YOUR GOAL =>
Write out each line of the entries below that holds the word "dots".

LISTED RECORDS =>
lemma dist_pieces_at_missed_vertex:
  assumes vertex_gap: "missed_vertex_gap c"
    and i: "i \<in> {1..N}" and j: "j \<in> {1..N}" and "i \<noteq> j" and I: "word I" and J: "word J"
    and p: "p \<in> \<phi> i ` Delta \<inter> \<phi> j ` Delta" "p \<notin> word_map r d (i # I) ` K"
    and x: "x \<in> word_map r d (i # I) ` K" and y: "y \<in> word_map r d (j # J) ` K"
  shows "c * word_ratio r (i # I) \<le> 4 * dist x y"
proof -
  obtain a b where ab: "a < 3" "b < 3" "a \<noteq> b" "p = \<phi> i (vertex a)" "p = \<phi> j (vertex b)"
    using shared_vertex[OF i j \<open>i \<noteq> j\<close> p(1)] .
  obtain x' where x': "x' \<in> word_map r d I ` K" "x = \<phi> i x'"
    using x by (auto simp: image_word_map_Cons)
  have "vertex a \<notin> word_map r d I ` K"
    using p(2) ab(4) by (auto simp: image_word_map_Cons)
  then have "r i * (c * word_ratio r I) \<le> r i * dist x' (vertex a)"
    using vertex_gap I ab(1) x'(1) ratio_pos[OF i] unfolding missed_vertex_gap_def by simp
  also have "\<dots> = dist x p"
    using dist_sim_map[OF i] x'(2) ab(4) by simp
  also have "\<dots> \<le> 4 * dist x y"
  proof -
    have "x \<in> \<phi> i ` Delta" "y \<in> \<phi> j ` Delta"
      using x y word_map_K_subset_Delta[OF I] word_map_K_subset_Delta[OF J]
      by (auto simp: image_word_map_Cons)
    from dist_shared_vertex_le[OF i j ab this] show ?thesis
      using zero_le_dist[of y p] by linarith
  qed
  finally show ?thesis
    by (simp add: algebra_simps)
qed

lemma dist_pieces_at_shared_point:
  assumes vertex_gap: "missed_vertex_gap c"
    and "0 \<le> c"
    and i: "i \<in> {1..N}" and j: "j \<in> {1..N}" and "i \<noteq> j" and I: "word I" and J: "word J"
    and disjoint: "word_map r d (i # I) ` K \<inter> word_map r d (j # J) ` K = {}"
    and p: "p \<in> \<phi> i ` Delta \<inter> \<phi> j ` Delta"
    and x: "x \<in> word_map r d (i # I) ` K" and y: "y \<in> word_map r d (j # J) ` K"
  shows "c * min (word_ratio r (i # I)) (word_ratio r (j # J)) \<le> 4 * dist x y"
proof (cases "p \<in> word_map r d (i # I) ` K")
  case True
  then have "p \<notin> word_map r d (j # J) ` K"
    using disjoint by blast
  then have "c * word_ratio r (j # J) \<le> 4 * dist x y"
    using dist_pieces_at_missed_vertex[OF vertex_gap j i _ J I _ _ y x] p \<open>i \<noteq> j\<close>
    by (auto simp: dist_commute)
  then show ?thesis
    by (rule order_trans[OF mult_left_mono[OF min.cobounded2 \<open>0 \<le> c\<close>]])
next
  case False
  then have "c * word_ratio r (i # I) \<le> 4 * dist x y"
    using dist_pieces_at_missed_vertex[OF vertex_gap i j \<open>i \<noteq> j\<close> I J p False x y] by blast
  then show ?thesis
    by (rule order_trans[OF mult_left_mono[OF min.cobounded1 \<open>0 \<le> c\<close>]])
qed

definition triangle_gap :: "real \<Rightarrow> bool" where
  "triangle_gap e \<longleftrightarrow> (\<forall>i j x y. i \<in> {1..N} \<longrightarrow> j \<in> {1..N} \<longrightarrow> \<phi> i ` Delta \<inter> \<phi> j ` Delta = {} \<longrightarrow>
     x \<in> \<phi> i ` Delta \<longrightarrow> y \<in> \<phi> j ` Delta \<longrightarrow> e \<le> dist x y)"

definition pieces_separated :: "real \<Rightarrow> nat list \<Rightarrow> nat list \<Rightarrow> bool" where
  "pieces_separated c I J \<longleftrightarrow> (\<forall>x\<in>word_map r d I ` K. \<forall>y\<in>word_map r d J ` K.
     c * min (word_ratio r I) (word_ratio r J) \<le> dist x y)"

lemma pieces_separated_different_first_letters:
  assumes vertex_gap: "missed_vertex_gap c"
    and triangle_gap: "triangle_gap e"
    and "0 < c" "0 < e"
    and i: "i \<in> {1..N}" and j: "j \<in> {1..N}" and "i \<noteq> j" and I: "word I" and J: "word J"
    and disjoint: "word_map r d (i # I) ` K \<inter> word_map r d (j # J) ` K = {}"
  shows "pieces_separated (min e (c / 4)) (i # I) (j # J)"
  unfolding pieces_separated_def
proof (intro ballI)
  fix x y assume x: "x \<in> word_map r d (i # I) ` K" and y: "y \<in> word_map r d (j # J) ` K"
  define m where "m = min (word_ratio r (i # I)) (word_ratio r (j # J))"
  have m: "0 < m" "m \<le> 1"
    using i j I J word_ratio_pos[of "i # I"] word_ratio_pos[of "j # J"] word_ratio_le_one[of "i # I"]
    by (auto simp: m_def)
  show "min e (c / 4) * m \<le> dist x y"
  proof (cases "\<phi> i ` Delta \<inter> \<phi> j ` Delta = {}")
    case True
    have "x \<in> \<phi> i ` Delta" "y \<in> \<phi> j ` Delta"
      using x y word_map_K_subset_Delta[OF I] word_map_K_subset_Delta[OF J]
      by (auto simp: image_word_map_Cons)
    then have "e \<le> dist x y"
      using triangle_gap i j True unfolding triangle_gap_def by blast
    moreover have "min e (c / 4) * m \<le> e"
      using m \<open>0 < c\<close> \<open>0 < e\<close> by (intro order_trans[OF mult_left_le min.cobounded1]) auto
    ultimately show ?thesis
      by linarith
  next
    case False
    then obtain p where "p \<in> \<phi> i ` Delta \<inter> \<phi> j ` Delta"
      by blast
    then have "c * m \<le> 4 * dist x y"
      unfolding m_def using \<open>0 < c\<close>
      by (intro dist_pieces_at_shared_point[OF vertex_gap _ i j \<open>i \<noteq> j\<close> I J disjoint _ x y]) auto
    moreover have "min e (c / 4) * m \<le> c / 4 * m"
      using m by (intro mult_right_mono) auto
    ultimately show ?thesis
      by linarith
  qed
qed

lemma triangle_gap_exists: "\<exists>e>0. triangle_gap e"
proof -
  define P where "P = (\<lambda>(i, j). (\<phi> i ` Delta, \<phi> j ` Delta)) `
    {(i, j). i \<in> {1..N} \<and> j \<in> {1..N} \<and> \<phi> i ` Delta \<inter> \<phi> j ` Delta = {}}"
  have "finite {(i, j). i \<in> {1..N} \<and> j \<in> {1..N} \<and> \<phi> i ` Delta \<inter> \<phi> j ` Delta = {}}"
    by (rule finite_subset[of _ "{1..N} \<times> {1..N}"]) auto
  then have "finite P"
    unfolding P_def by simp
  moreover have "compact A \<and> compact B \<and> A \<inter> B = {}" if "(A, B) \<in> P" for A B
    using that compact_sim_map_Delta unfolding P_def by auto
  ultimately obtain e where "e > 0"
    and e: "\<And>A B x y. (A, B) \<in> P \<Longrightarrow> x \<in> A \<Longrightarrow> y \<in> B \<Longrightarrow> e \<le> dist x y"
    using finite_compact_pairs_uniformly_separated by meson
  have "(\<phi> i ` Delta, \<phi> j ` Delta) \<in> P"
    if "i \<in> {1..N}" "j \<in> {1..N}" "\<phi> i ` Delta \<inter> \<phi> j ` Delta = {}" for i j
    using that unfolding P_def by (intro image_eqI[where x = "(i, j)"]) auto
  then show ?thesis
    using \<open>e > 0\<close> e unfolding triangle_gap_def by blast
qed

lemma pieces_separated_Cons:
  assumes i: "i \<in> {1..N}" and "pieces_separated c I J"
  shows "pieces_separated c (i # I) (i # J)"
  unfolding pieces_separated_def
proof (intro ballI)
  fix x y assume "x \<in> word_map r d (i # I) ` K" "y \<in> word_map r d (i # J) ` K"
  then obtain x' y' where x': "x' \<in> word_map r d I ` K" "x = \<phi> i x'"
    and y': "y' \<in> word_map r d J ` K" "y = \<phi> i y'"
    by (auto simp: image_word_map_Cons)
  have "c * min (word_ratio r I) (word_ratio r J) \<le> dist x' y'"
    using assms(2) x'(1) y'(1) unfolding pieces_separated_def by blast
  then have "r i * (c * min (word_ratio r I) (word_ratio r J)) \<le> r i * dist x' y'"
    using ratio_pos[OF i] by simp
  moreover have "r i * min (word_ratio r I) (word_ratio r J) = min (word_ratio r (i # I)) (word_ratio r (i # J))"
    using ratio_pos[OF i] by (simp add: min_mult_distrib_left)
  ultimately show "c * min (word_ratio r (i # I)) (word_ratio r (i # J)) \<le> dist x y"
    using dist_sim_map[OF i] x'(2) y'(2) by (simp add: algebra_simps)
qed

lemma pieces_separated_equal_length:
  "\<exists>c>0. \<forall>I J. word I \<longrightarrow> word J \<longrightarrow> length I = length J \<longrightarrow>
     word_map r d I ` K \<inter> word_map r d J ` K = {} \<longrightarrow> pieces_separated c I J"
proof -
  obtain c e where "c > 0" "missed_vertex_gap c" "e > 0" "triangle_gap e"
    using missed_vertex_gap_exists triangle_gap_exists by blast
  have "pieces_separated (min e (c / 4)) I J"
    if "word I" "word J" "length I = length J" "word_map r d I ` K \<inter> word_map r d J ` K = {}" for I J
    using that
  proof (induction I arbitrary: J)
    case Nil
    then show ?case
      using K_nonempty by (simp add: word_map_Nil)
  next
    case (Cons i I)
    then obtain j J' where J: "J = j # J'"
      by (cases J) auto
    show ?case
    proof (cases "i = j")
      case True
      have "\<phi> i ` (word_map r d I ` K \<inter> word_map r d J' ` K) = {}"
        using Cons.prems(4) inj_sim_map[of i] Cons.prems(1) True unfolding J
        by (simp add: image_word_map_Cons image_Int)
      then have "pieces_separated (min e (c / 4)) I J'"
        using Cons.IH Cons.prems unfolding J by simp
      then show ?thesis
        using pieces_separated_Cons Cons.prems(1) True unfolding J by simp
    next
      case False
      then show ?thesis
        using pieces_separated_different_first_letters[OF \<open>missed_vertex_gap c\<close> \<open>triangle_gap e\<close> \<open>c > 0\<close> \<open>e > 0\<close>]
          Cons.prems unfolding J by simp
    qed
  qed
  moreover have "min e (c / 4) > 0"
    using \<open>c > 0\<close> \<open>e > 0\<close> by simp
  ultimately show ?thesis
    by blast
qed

SOLUTION TO THIS TASK =>
  also have "\<dots> = dist x p"
  also have "\<dots> \<le> 4 * dist x y"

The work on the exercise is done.